Julien Sobrier said...

@Anonymous Make sure Firesheep and BlackSheep are listening on the same interface. Also, with version 1.7, make sure you have checked the "Demo" option is BlackSheep, otherwise it will ignore traffic coming from your own IP address.

Claas said...

Hi @ all,
wanted to install Blacksheep on my laptop (Win7 Pro, 64 bit) to have some basic protection against Firesheep. I use FF 4.0 and have some problems as some other users that the bookmark toolbar disappeared from FF (however that shows up again when dis-/enabling it).
However I can't select any interface within Blacksheep options (Yes, Winpcap is installed) - assume with this interface field being blank I will have no use of Blacksheep?
Thx for some advice on that
Claas

Anonymous said...

I'm running XP (SP3) with Firefox 4.01. I've downloaded WinPcap first, then Blacksheep.

In the Options window, the Interface pull down menu is blank and no other option is available.

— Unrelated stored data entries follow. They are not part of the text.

(* Let $p_1,p_2\in\mathbb{Z}^3$ be distinct, and let $\pi_1,\pi_2$ be two distinct integer affine planes in $\mathbb{R}^3$, both containing the line through $p_1$ and $p_2$ and neither containing the origin $O$. Then for arbitrary $p_3\in\pi_1\setminus\pi_2$ and $p_4\in\pi_2\setminus\pi_1$, \[ |\omega(p_1,p_2;p_3,p_4)|=\frac{{\rm Isin}(\pi_1,\pi_2)}{{\rm I}\ell(p_1,p_2)\,{\rm Id}(O,\pi_1)\,{\rm Id}(O,\pi_2)} . \]
   Context: $\omega(p_1,p_2;p_3,p_4)=\det(p_2-p_1,p_3-p_1,p_4-p_1)/(\det(p_1,p_2,p_3)\det(p_1,p_2,p_4))$, where $\det(u,v,w)$ is the determinant of the matrix with columns $u,v,w$. An integer plane is an affine plane containing a full-rank integer sublattice. ${\rm I}\ell(p,q)$ (integer length) is the number of integer points in the interior of segment $pq$ plus one. ${\rm Id}(p,\pi)$ (integer distance from integer point $p$ to integer plane $\pi$) is the index of the sublattice generated by all integer vectors with endpoints in $\{p\}\cup\pi$ in the lattice of integer vectors of the affine span of $p$ and $\pi$. ${\rm Isin}(\pi_1,\pi_2)$ (integer sine) is the index of the sublattice generated by all integer vectors of $\pi_1$ and of $\pi_2$ in the lattice of integer vectors of the affine span of $\pi_1\cup\pi_2$. *)

theory Defs
  imports "HOL-Analysis.Analysis"
begin

type_synonym pt = "real^3"

definition int_pt :: "pt \<Rightarrow> bool" where
  "int_pt x \<longleftrightarrow> (\<forall>i. x $ i \<in> \<int>)"
(* Let $(X,\tau)$ be a topological space, $\delta$ a quasi-proximity compatible with $\tau$ such that $\mathcal{V}_\delta$ is transitive, and suppose $N_i\in\mathcal{B}(\mathcal{V}_\delta)$ ($i\in\mathbb{N}$) satisfy $N_i\subsetneq N_{i+1}$ and $\bigcup_{i}N_i\in\mathcal{B}(\mathcal{V}_\delta)$. For $A\subseteq\mathbb{N}$ let $\alpha_A=\{X\}\cup\{N_i:i\notin A\}$ and let $U_A$ be the relation with $U_A(x)=\bigcap\{M\in\alpha_A:x\in M\}$. For a p-filter $\sigma$ on $\mathbb{N}$ let $\mathcal{V}_\sigma$ be the filter on $X\times X$ generated by $\mathcal{V}_\delta\cup\{U_A:A\in\sigma\}$. Then each $\mathcal{V}_\sigma$ belongs to $\pi(\delta)\cap T(\tau)$, and for p-filters $\sigma_1,\sigma_2$, $\mathcal{V}_{\sigma_1}\subseteq\mathcal{V}_{\sigma_2}$ implies $\sigma_1\subseteq\sigma_2$; in particular $\sigma\mapsto\mathcal{V}_\sigma$ is injective.
   Context: Quasi-uniformities and quasi-proximities are in the sense of Fletcher–Lindgren. $\pi(\delta)$ is the set of quasi-uniformities inducing $\delta$, $\mathcal{V}_\delta$ its coarsest element; $T(\tau)$ the set of compatible quasi-uniformities with a base of transitive entourages. For $N\subseteq X$, $U_N=(N\times N)\cup((X\setminus N)\times X)$ and $\mathcal{B}(\mathcal{V}_\delta)=\{N\in\tau:U_N\in\mathcal{V}_\delta\}$. For $N\subseteq\mathbb{N}$, an $N$-pile is a subset $H\subseteq N$ that is maximal with respect to the property: $i,j\in H$, $i<k<j$, $k\in\mathbb{N}$ imply $k\in H$. A set $Z\subseteq\mathbb{N}$ is admissible for $N$ if there is $k\in\mathbb{N}$ with $|H\cap Z|\le k$ for every $N$-pile $H$. A filter $\sigma$ on $\mathbb{N}$ is a p-filter if whenever $N\in\sigma$ and $Z$ is admissible for $N$, then $N\setminus Z\in\sigma$. *)

theory Defs
  imports "HOL-Analysis.Abstract_Topology"
begin

text \<open>Convention: the underlying set X is the universe of the type 'a.
  Entourages are relations ('a \<times> 'a) set; U(x) is U `` {x}.\<close>

definition quasi_uniformity :: "('a \<times> 'a) set set \<Rightarrow> bool" where
  "quasi_uniformity \<U> \<longleftrightarrow>
     \<U> \<noteq> {} \<and>
     (\<forall>U\<in>\<U>. Id \<subseteq> U) \<and>
     (\<forall>U V. U \<in> \<U> \<longrightarrow> U \<subseteq> V \<longrightarrow> V \<in> \<U>) \<and>
     (\<forall>U V. U \<in> \<U> \<longrightarrow> V \<in> \<U> \<longrightarrow> U \<inter> V \<in> \<U>) \<and>
     (\<forall>U\<in>\<U>. \<exists>V\<in>\<U>. V O V \<subseteq> U)"

definition qu_compatible :: "('a \<times> 'a) set set \<Rightarrow> 'a topology \<Rightarrow> bool" where
  "qu_compatible \<U> \<tau> \<longleftrightarrow>
     (\<forall>G. openin \<tau> G \<longleftrightarrow> (\<forall>x\<in>G. \<exists>U\<in>\<U>. U `` {x} \<subseteq> G))"

definition transitive_qu :: "('a \<times> 'a) set set \<Rightarrow> bool" where
  "transitive_qu \<U> \<longleftrightarrow> (\<forall>U\<in>\<U>. \<exists>V\<in>\<U>. V \<subseteq> U \<and> trans V)"

definition quasi_proximity :: "('a set \<Rightarrow> 'a set \<Rightarrow> bool) \<Rightarrow> bool" where
  "quasi_proximity \<delta> \<longleftrightarrow>
     (\<forall>A. \<not> \<delta> A {} \<and> \<not> \<delta> {} A) \<and>
     (\<forall>A B C. \<delta> A (B \<union> C) \<longleftrightarrow> \<delta> A B \<or> \<delta> A C) \<and>
     (\<forall>A B C. \<delta> (A \<union> B) C \<longleftrightarrow> \<delta> A C \<or> \<delta> B C) \<and>
     (\<forall>x. \<delta> {x} {x}) \<and>
     (\<forall>A B. \<not> \<delta> A B \<longrightarrow> (\<exists>C. \<not> \<delta> A C \<and> \<not> \<delta> (- C) B))"

definition qp_compatible :: "('a set \<Rightarrow> 'a set \<Rightarrow> bool) \<Rightarrow> 'a topology \<Rightarrow> bool" where
  "qp_compatible \<delta> \<tau> \<longleftrightarrow> (\<forall>G. openin \<tau> G \<longleftrightarrow> (\<forall>x\<in>G. \<not> \<delta> {x} (- G)))"

definition qu_proximity :: "('a \<times> 'a) set set \<Rightarrow> 'a set \<Rightarrow> 'a set \<Rightarrow> bool" where
  "qu_proximity \<U> A B \<longleftrightarrow> (\<forall>U\<in>\<U>. U `` A \<inter> B \<noteq> {})"

definition pi_qp :: "('a set \<Rightarrow> 'a set \<Rightarrow> bool) \<Rightarrow> ('a \<times> 'a) set set set" where
  "pi_qp \<delta> = {\<U>. quasi_uniformity \<U> \<and> qu_proximity \<U> = \<delta>}"

definition V_qp :: "('a set \<Rightarrow> 'a set \<Rightarrow> bool) \<Rightarrow> ('a \<times> 'a) set set" where
  "V_qp \<delta> = (THE \<U>. \<U> \<in> pi_qp \<delta> \<and> (\<forall>\<W>\<in>pi_qp \<delta>. \<U> \<subseteq> \<W>))"

definition T_top :: "'a topology \<Rightarrow> ('a \<times> 'a) set set set" where
  "T_top \<tau> = {\<U>. quasi_uniformity \<U> \<and> qu_compatible \<U> \<tau> \<and> transitive_qu \<U>}"

definition U_set :: "'a set \<Rightarrow> ('a \<times> 'a) set" where
  "U_set N = (N \<times> N) \<union> ((- N) \<times> UNIV)"

definition B_qu :: "'a topology \<Rightarrow> ('a \<times> 'a) set set \<Rightarrow> 'a set set" where
  "B_qu \<tau> \<V> = {N. openin \<tau> N \<and> U_set N \<in> \<V>}"

definition gen_filter :: "('a \<times> 'a) set set \<Rightarrow> ('a \<times> 'a) set set" where
  "gen_filter S = {W. \<exists>F. finite F \<and> F \<subseteq> S \<and> \<Inter>F \<subseteq> W}"

definition nat_convex :: "nat set \<Rightarrow> bool" where
  "nat_convex H \<longleftrightarrow> (\<forall>i j k. i \<in> H \<longrightarrow> j \<in> H \<longrightarrow> i < k \<longrightarrow> k < j \<longrightarrow> k \<in> H)"

definition pile :: "nat set \<Rightarrow> nat set \<Rightarrow> bool" where
  "pile N H \<longleftrightarrow> H \<subseteq> N \<and> nat_convex H \<and>
     (\<forall>H'. H \<subseteq> H' \<and> H' \<subseteq> N \<and> nat_convex H' \<longrightarrow> H' = H)"
(* Let $\mathcal{C}$ be a strict monoidal category and $\mathcal{C}'$ a monoidal subcategory. Suppose there is an associative operation $\circledast\colon\mathrm{Hom}_\mathcal{C}(A,V)\otimes\mathrm{Hom}_\mathcal{C}(B,W)\to\mathrm{Hom}_\mathcal{C}(A\otimes B,V\otimes W)$ for all $A,B\in\mathrm{Ob}\,\mathcal{C}$, $V,W\in\mathrm{Ob}\,\mathcal{C}'$, which is natural in its $\mathcal{C}$-arguments, i.e. $(\phi\circ\alpha)\circledast(\psi\circ\beta)=(\phi\circledast\psi)\circ(\alpha\otimes\beta)$ for $\phi\in\mathrm{Hom}_\mathcal{C}(A,V)$, $\psi\in\mathrm{Hom}_\mathcal{C}(B,W)$, $\alpha,\beta$ morphisms of $\mathcal{C}$, and unital, i.e. $\phi\circledast\chi=\phi\otimes\chi$ and $\chi\circledast\phi=\chi\otimes\phi$ for every morphism $\phi$ and every $\chi\in\mathrm{Hom}_\mathcal{C}(B,1_\mathcal{C})$. Then the family $F_{V,W}:=\mathrm{id}_V\circledast\mathrm{id}_W\in\mathrm{End}_\mathcal{C}(V\otimes W)$, $V,W\in\mathrm{Ob}\,\mathcal{C}'$, is a cocycle in $\mathcal{C}'$. Moreover, this cocycle respects the morphisms of a subcategory $\mathcal{C}''\subset\mathcal{C}'$ if and only if $\circledast$ is natural with respect to $\mathcal{C}''$-arguments: $(\zeta\circ\phi)\circledast(\eta\circ\psi)=(\zeta\otimes\eta)\circ(\phi\circledast\psi)$ for $\phi\in\mathrm{Hom}_\mathcal{C}(A,V)$, $\psi\in\mathrm{Hom}_\mathcal{C}(B,W)$ and $\zeta,\eta$ morphisms of $\mathcal{C}''$.
   Context: A cocycle (in the sense used here) is a family $F_{V,W}$ of morphisms of $V\otimes W$ satisfying $F_{U\otimes V,W}\circ(F_{U,V}\otimes\mathrm{id}_W)=F_{U,V\otimes W}\circ(\mathrm{id}_U\otimes F_{V,W})$ and $F_{V,1}=\mathrm{id}_V=F_{1,V}$, $1=1_\mathcal{C}$ the unit object. It respects morphisms of $\mathcal{C}''$ if $F_{V',W'}\circ(\zeta\otimes\eta)=(\zeta\otimes\eta)\circ F_{V,W}$ for all morphisms $\zeta\colon V\to V'$, $\eta\colon W\to W'$ of $\mathcal{C}''$. *)

theory Defs
  imports Main
begin

text \<open>A (possibly large-carrier) category is given by a set of objects, a set of
morphisms, source and target maps, a (partial, only meaningful on composable pairs)
composition cmp g f = g o f, identities, and a strict tensor product on objects and
morphisms together with a unit object.\<close>

record ('o, 'm) smcat =
  obj :: "'o set"
  mor :: "'m set"
  src :: "'m \<Rightarrow> 'o"
  tgt :: "'m \<Rightarrow> 'o"
  cmp :: "'m \<Rightarrow> 'm \<Rightarrow> 'm"
  ident :: "'o \<Rightarrow> 'm"
  tobj :: "'o \<Rightarrow> 'o \<Rightarrow> 'o"
  tmor :: "'m \<Rightarrow> 'm \<Rightarrow> 'm"
  unit_obj :: "'o"

definition hom :: "('o, 'm) smcat \<Rightarrow> 'o \<Rightarrow> 'o \<Rightarrow> 'm set" where
  "hom C A B = {f \<in> mor C. src C f = A \<and> tgt C f = B}"

definition is_category :: "('o, 'm) smcat \<Rightarrow> bool" where
  "is_category C \<longleftrightarrow>
     (\<forall>f \<in> mor C. src C f \<in> obj C \<and> tgt C f \<in> obj C) \<and>
     (\<forall>A \<in> obj C. ident C A \<in> hom C A A) \<and>
     (\<forall>f \<in> mor C. \<forall>g \<in> mor C. tgt C f = src C g \<longrightarrow>
        cmp C g f \<in> hom C (src C f) (tgt C g)) \<and>
     (\<forall>f \<in> mor C. cmp C f (ident C (src C f)) = f \<and> cmp C (ident C (tgt C f)) f = f) \<and>
     (\<forall>f \<in> mor C. \<forall>g \<in> mor C. \<forall>h \<in> mor C.
        tgt C f = src C g \<longrightarrow> tgt C g = src C h \<longrightarrow>
        cmp C h (cmp C g f) = cmp C (cmp C h g) f)"

definition strict_monoidal_category :: "('o, 'm) smcat \<Rightarrow> bool" where
  "strict_monoidal_category C \<longleftrightarrow>
     is_category C \<and>
     unit_obj C \<in> obj C \<and>
     (\<forall>A \<in> obj C. \<forall>B \<in> obj C. tobj C A B \<in> obj C) \<and>
     (\<forall>f \<in> mor C. \<forall>g \<in> mor C.
        tmor C f g \<in> hom C (tobj C (src C f) (src C g)) (tobj C (tgt C f) (tgt C g))) \<and>
     (\<forall>A \<in> obj C. \<forall>B \<in> obj C. tmor C (ident C A) (ident C B) = ident C (tobj C A B)) \<and>
     (\<forall>f \<in> mor C. \<forall>f' \<in> mor C. \<forall>g \<in> mor C. \<forall>g' \<in> mor C.
        tgt C f = src C f' \<longrightarrow> tgt C g = src C g' \<longrightarrow>
        tmor C (cmp C f' f) (cmp C g' g) = cmp C (tmor C f' g') (tmor C f g)) \<and>
     (\<forall>A \<in> obj C. \<forall>B \<in> obj C. \<forall>D \<in> obj C.
        tobj C (tobj C A B) D = tobj C A (tobj C B D)) \<and>
     (\<forall>f \<in> mor C. \<forall>g \<in> mor C. \<forall>h \<in> mor C.
        tmor C (tmor C f g) h = tmor C f (tmor C g h)) \<and>
     (\<forall>A \<in> obj C. tobj C (unit_obj C) A = A \<and> tobj C A (unit_obj C) = A) \<and>
     (\<forall>f \<in> mor C. tmor C (ident C (unit_obj C)) f = f \<and> tmor C f (ident C (unit_obj C)) = f)"

definition subcategory :: "('o, 'm) smcat \<Rightarrow> 'o set \<Rightarrow> 'm set \<Rightarrow> bool" where
  "subcategory C Ob' Mor' \<longleftrightarrow>
     Ob' \<subseteq> obj C \<and> Mor' \<subseteq> mor C \<and>
     (\<forall>f \<in> Mor'. src C f \<in> Ob' \<and> tgt C f \<in> Ob') \<and>
     (\<forall>A \<in> Ob'. ident C A \<in> Mor') \<and>
     (\<forall>f \<in> Mor'. \<forall>g \<in> Mor'. tgt C f = src C g \<longrightarrow> cmp C g f \<in> Mor')"

definition monoidal_subcategory :: "('o, 'm) smcat \<Rightarrow> 'o set \<Rightarrow> 'm set \<Rightarrow> bool" where
  "monoidal_subcategory C Ob' Mor' \<longleftrightarrow>
     subcategory C Ob' Mor' \<and>
     unit_obj C \<in> Ob' \<and>
     (\<forall>A \<in> Ob'. \<forall>B \<in> Ob'. tobj C A B \<in> Ob') \<and>
     (\<forall>f \<in> Mor'. \<forall>g \<in> Mor'. tmor C f g \<in> Mor')"

definition cocycle :: "('o, 'm) smcat \<Rightarrow> 'o set \<Rightarrow> ('o \<Rightarrow> 'o \<Rightarrow> 'm) \<Rightarrow> bool" where
  "cocycle C Ob' F \<longleftrightarrow>
     (\<forall>V \<in> Ob'. \<forall>W \<in> Ob'. F V W \<in> hom C (tobj C V W) (tobj C V W)) \<and>
     (\<forall>U \<in> Ob'. \<forall>V \<in> Ob'. \<forall>W \<in> Ob'.
        cmp C (F (tobj C U V) W) (tmor C (F U V) (ident C W))
        = cmp C (F U (tobj C V W)) (tmor C (ident C U) (F V W))) \<and>
     (\<forall>V \<in> Ob'. F V (unit_obj C) = ident C V \<and> F (unit_obj C) V = ident C V)"

definition respects_morphisms :: "('o, 'm) smcat \<Rightarrow> 'm set \<Rightarrow> ('o \<Rightarrow> 'o \<Rightarrow> 'm) \<Rightarrow> bool" where
  "respects_morphisms C Mor'' F \<longleftrightarrow>
     (\<forall>\<zeta> \<in> Mor''. \<forall>\<eta> \<in> Mor''.
        cmp C (F (tgt C \<zeta>) (tgt C \<eta>)) (tmor C \<zeta> \<eta>)
        = cmp C (tmor C \<zeta> \<eta>) (F (src C \<zeta>) (src C \<eta>)))"
lemma zero_divs_quot_jacobson_iff:
  assumes x: "x \<in> carrier R"
  shows "J +> x \<in> zero_divs (R Quot J) \<longleftrightarrow> x \<in> zero_divs R"
proof -
  interpret Q: finite_cring "R Quot J" by (rule finite_cring_quot_jacobson)
  have "J +> x \<in> carrier (R Quot J)" using x unfolding carrier_quot_jacobson by blast
  then have "J +> x \<notin> zero_divs (R Quot J) \<longleftrightarrow> J +> x \<in> Units (R Quot J)"
    by (rule Q.not_zero_divs_iff_Units)
  also have "\<dots> \<longleftrightarrow> x \<notin> zero_divs R"
    using x Units_quot_jacobson_iff not_zero_divs_iff_Units by blast
  finally show ?thesis by blast
qed

lemma regular_elems_quot_jacobson: "regular_elems (R Quot J) = (+>) J ` regular_elems R"
  unfolding regular_elems_def carrier_quot_jacobson using zero_divs_quot_jacobson_iff by auto

lemma total_adj_quot_jacobson_iff:
  assumes "x \<in> carrier R" and "y \<in> carrier R"
  shows "total_adj (R Quot J) (J +> x) (J +> y) \<longleftrightarrow> J +> x \<noteq> J +> y \<and> x \<oplus> y \<in> zero_divs R"
  using assms zero_divs_quot_jacobson_iff[of "x \<oplus> y"]
  unfolding total_adj_def by (simp flip: ring_hom_add[OF jacobson.rcos_ring_hom])

lemma card_coset_fibre_le:
  assumes "A \<subseteq> carrier R"
  shows "card {x \<in> A. J +> x = C} \<le> card J"
proof (cases "\<exists>x\<in>A. J +> x = C")
  case True
  then obtain x0 where x0: "x0 \<in> carrier R" "J +> x0 = C" using assms by blast
  have "{x \<in> A. J +> x = C} \<subseteq> J +> x0"
    using assms x0 jacobson.a_rcos_self by blast
  moreover have "finite (J +> x0)"
    using a_r_coset_subset_G[OF jacobson.a_subset x0(1)] finite_carrier by (rule finite_subset)
  moreover have "card (J +> x0) = card J"
    using a_rcosetsI[OF jacobson.a_subset x0(1)] jacobson.a_subset finite_carrier
    by (rule a_card_cosets_equal)
  ultimately show ?thesis by (metis card_mono)
next
  case False
  then have "{x \<in> A. J +> x = C} = {}" by blast
  then show ?thesis by (metis card.empty zero_le)
qed

lemma add_not_zero_divs_if_same_coset:
  assumes two: "\<one> \<oplus> \<one> \<notin> zero_divs R"
    and x: "x \<in> regular_elems R" and y: "y \<in> regular_elems R" and "J +> x = J +> y"
  shows "x \<oplus> y \<notin> zero_divs R"
proof -
  have xc: "x \<in> carrier R" and yc: "y \<in> carrier R" using x y unfolding regular_elems_def by auto
  have "(\<one> \<oplus> \<one>) \<otimes> x \<in> Units R"
    using two x xc not_zero_divs_iff_Units unfolding regular_elems_def by auto
  then have unit: "(\<one> \<oplus> \<one>) \<otimes> x \<notin> zero_divs R"
    using xc not_zero_divs_iff_Units by simp
  have "y \<ominus> x \<in> J" using coset_eq_iff xc yc \<open>J +> x = J +> y\<close> by blast
  moreover have "(x \<oplus> y) \<ominus> (\<one> \<oplus> \<one>) \<otimes> x = y \<ominus> x" using xc yc by algebra
  ultimately have "J +> (x \<oplus> y) = J +> ((\<one> \<oplus> \<one>) \<otimes> x)"
    using xc yc coset_eq_iff by simp
  then show ?thesis
    using unit xc yc zero_divs_quot_jacobson_iff by (metis add.m_closed m_closed one_closed)
qed

lemma finite_regular_elems: "finite (regular_elems R)"
  using finite_carrier unfolding regular_elems_def by simp

lemma chi_reg_le_card_jacobson_mult: "chi_reg R \<le> card J * chi_reg (R Quot J)"
  unfolding chi_reg_def
proof (rule chromatic_number_le_mult_fibre_card[where f = "(+>) J"])
  show "finite (regular_elems (R Quot J))"
    using finite_regular_elems by (simp add: regular_elems_quot_jacobson)
  show "(+>) J ` regular_elems R \<subseteq> regular_elems (R Quot J)"
    by (simp add: regular_elems_quot_jacobson)
  show "card {x \<in> regular_elems R. J +> x = C} \<le> card J" for C
    by (rule card_coset_fibre_le) (auto simp: regular_elems_def)
  show "total_adj (R Quot J) (J +> x) (J +> y)"
    if "x \<in> regular_elems R" "y \<in> regular_elems R" "total_adj R x y" "J +> x \<noteq> J +> y" for x y
    using that total_adj_quot_jacobson_iff unfolding total_adj_def regular_elems_def by auto
qed (auto simp: finite_regular_elems total_adj_def)

lemma chi_reg_quot_jacobson_le: "chi_reg (R Quot J) \<le> chi_reg R"
  unfolding chi_reg_def
proof (rule chromatic_number_le_of_lift[where f = "(+>) J"])
  show "total_adj R x y"
    if "x \<in> regular_elems R" "y \<in> regular_elems R" "total_adj (R Quot J) (J +> x) (J +> y)" for x y
    using that total_adj_quot_jacobson_iff unfolding total_adj_def regular_elems_def by auto
qed (auto simp: finite_regular_elems total_adj_def regular_elems_quot_jacobson)

lemma chi_reg_le_quot_jacobson:
  assumes "\<one> \<oplus> \<one> \<notin> zero_divs R"
  shows "chi_reg R \<le> chi_reg (R Quot J)"
  unfolding chi_reg_def
proof (rule chromatic_number_le_hom[where f = "(+>) J"])
  show "finite (regular_elems (R Quot J))"
    using finite_regular_elems by (simp add: regular_elems_quot_jacobson)
  show "(+>) J ` regular_elems R \<subseteq> regular_elems (R Quot J)"
    by (simp add: regular_elems_quot_jacobson)
  show "total_adj (R Quot J) (J +> x) (J +> y)"
    if "x \<in> regular_elems R" "y \<in> regular_elems R" "total_adj R x y" for x y
    using that assms add_not_zero_divs_if_same_coset total_adj_quot_jacobson_iff
    unfolding total_adj_def regular_elems_def by auto
qed (simp add: total_adj_def)

end

theorem lemma17:
  fixes R :: "('a, 'b) ring_scheme"
  assumes "cring R" and "finite (carrier R)"
  shows "chi_reg R \<le> card (jacobson R) * chi_reg (R Quot (jacobson R)) \<and>
         (\<one>\<^bsub>R\<^esub> \<oplus>\<^bsub>R\<^esub> \<one>\<^bsub>R\<^esub> \<notin> zero_divs R \<longrightarrow>
          chi_reg R = chi_reg (R Quot (jacobson R)))"
proof (cases "\<one>\<^bsub>R\<^esub> = \<zero>\<^bsub>R\<^esub>")
  case True
  interpret cring R by fact
  have "carrier R = {\<zero>\<^bsub>R\<^esub>}" using True by (rule one_zeroD)
  then have "regular_elems R = {}" and "\<one>\<^bsub>R\<^esub> \<oplus>\<^bsub>R\<^esub> \<one>\<^bsub>R\<^esub> \<in> zero_divs R"
    unfolding regular_elems_def zero_divs_def by auto
  moreover have "chromatic_number {} E = 0" for E :: "'a \<Rightarrow> 'a \<Rightarrow> bool"
    using chromatic_number_le[of "{}" _ 0] by simp
  ultimately show ?thesis unfolding chi_reg_def by simp
next
  case False
  interpret finite_cring R
    using assms False by (simp add: finite_cring_def finite_cring_axioms_def cring.axioms)
  show ?thesis
    using chi_reg_le_card_jacobson_mult chi_reg_quot_jacobson_le chi_reg_le_quot_jacobson
    by (simp add: le_antisym)
qed

end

Does something need to be configured with WinPcap in order to be able to select something in the Interface menu of Blacksheep?

Please advise.

Anonymous said...

Neither Firesheep nor Blacksheep are compatible with Firefox 5.0. Are upgrades coming?

Julien Sobrier said...

BlackSheep 1.7. is compatible with Firefox 5.x You can get it at http://www.zscaler.com/researchtools.html

Anonymous said...

Is BlackSheep 1.7.2 compatible with Firefox 7? In the options window, the interface pull down menu is blank. It was working fine in Firefox 3.6 and WinPcap. Thanks!

Anonymous said...

I have same problem as Anonymous of Oct 15, 2011, i.e. "With Firefox 7.1, in the options window, the interface pull down menu is blank." WinPcap is installed.

Liz P said...

Hi - just installed version 1.7.2, Firefox 13.0.1 on Mac 10.5.8 and am experiencing the bookmarking problem mentioned by others. It is not possible to add a new bookmark or to edit an existing bookmark in the address bar. I use Xmarks to share bookmark collections so this is a nuisance. Very glad you have made this add-on though! Many thanks.

Liz P said...

Hi - just installed version 1.7.2, Firefox 13.0.1 on Mac 10.5.8 and am experiencing the bookmarking problem mentioned by others. It is not possible to add a new bookmark or to edit an existing bookmark in the address bar. I use Xmarks to share bookmark collections so this is a nuisance. Very glad you have made this add-on though! Many thanks.